What you are asked to do:
Beginning with the line that contains "A1A2 : B1B2 ordering.\<close>", extract each line through the end of the listing below, with no additions or omissions.

******

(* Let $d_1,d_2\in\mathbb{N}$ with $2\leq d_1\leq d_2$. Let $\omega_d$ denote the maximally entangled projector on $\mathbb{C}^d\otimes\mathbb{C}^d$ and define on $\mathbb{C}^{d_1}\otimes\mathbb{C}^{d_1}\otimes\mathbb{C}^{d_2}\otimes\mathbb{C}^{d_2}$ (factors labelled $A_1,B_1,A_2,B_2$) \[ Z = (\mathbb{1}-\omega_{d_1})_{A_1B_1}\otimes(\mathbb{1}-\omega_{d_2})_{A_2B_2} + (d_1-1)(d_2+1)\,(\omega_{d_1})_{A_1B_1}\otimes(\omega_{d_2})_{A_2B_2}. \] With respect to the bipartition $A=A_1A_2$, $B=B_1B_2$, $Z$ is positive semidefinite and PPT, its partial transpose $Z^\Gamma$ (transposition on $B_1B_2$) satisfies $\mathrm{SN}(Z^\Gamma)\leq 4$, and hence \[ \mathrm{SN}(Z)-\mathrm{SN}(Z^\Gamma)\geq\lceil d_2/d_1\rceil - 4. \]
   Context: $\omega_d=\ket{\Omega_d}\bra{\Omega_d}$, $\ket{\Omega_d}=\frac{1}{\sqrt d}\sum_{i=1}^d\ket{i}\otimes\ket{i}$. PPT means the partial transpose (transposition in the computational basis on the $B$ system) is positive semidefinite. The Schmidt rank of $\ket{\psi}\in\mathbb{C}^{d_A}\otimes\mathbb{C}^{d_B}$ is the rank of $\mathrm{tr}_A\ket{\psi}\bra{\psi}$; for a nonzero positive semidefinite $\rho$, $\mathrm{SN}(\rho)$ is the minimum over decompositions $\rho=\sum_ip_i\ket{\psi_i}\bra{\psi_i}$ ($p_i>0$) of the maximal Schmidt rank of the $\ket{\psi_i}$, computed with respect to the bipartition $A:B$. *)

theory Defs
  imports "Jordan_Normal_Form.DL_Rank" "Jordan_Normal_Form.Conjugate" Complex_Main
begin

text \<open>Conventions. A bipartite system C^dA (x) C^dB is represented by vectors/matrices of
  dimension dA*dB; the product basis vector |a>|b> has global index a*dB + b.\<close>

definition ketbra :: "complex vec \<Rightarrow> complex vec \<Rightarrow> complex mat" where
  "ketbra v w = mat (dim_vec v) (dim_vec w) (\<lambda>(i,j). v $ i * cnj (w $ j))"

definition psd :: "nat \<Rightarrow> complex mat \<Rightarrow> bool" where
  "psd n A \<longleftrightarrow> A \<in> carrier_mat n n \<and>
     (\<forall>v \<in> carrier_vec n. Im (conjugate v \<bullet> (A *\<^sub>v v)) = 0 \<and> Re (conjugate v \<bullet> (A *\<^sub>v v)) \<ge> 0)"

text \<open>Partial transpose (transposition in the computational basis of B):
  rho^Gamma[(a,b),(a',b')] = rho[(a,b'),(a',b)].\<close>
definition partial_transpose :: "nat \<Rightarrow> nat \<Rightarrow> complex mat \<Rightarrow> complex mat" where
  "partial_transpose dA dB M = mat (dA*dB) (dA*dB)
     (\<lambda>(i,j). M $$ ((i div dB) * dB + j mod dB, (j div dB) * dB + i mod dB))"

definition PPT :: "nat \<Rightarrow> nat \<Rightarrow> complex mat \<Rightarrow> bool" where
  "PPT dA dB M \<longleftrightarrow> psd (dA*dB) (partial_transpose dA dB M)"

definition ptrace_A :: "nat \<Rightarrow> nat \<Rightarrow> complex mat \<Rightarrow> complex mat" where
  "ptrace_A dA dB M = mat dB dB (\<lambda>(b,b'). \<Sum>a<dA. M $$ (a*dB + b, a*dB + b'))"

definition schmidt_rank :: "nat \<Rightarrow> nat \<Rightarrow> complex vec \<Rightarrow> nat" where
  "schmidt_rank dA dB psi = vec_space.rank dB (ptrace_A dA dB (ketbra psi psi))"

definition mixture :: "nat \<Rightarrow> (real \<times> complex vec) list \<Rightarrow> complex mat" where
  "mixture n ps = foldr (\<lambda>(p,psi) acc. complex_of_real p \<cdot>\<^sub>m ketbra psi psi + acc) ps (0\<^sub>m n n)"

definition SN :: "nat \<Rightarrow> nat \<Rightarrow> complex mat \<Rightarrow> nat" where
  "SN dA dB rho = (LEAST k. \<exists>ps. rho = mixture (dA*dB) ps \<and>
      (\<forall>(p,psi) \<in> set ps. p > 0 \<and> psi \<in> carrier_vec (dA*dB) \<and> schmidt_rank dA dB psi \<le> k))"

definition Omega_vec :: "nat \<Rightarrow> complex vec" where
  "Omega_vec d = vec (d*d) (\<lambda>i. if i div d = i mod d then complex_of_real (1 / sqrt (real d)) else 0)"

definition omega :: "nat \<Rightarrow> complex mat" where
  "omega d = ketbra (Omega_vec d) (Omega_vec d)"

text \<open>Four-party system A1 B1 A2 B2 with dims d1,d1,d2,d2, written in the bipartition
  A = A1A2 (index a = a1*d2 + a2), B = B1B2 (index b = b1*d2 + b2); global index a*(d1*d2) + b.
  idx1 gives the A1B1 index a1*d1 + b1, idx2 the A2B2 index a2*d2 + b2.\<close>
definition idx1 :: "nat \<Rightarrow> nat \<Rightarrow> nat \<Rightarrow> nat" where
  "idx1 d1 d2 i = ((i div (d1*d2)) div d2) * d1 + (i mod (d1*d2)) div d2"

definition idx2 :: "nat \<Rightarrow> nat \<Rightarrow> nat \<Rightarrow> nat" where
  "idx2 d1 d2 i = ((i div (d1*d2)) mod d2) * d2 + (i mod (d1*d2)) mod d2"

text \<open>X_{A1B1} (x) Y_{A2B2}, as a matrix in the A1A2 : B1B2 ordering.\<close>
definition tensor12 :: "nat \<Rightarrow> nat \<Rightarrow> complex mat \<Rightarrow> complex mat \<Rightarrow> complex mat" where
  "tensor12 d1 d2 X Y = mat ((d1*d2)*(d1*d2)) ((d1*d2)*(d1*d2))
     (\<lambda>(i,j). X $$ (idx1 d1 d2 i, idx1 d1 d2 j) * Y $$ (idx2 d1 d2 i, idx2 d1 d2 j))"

******

Answer below:
text \<open>X_{A1B1} (x) Y_{A2B2}, as a matrix in the A1A2 : B1B2 ordering.\<close>
definition tensor12 :: "nat \<Rightarrow> nat \<Rightarrow> complex mat \<Rightarrow> complex mat \<Rightarrow> complex mat" where
  "tensor12 d1 d2 X Y = mat ((d1*d2)*(d1*d2)) ((d1*d2)*(d1*d2))
     (\<lambda>(i,j). X $$ (idx1 d1 d2 i, idx1 d1 d2 j) * Y $$ (idx2 d1 d2 i, idx2 d1 d2 j))"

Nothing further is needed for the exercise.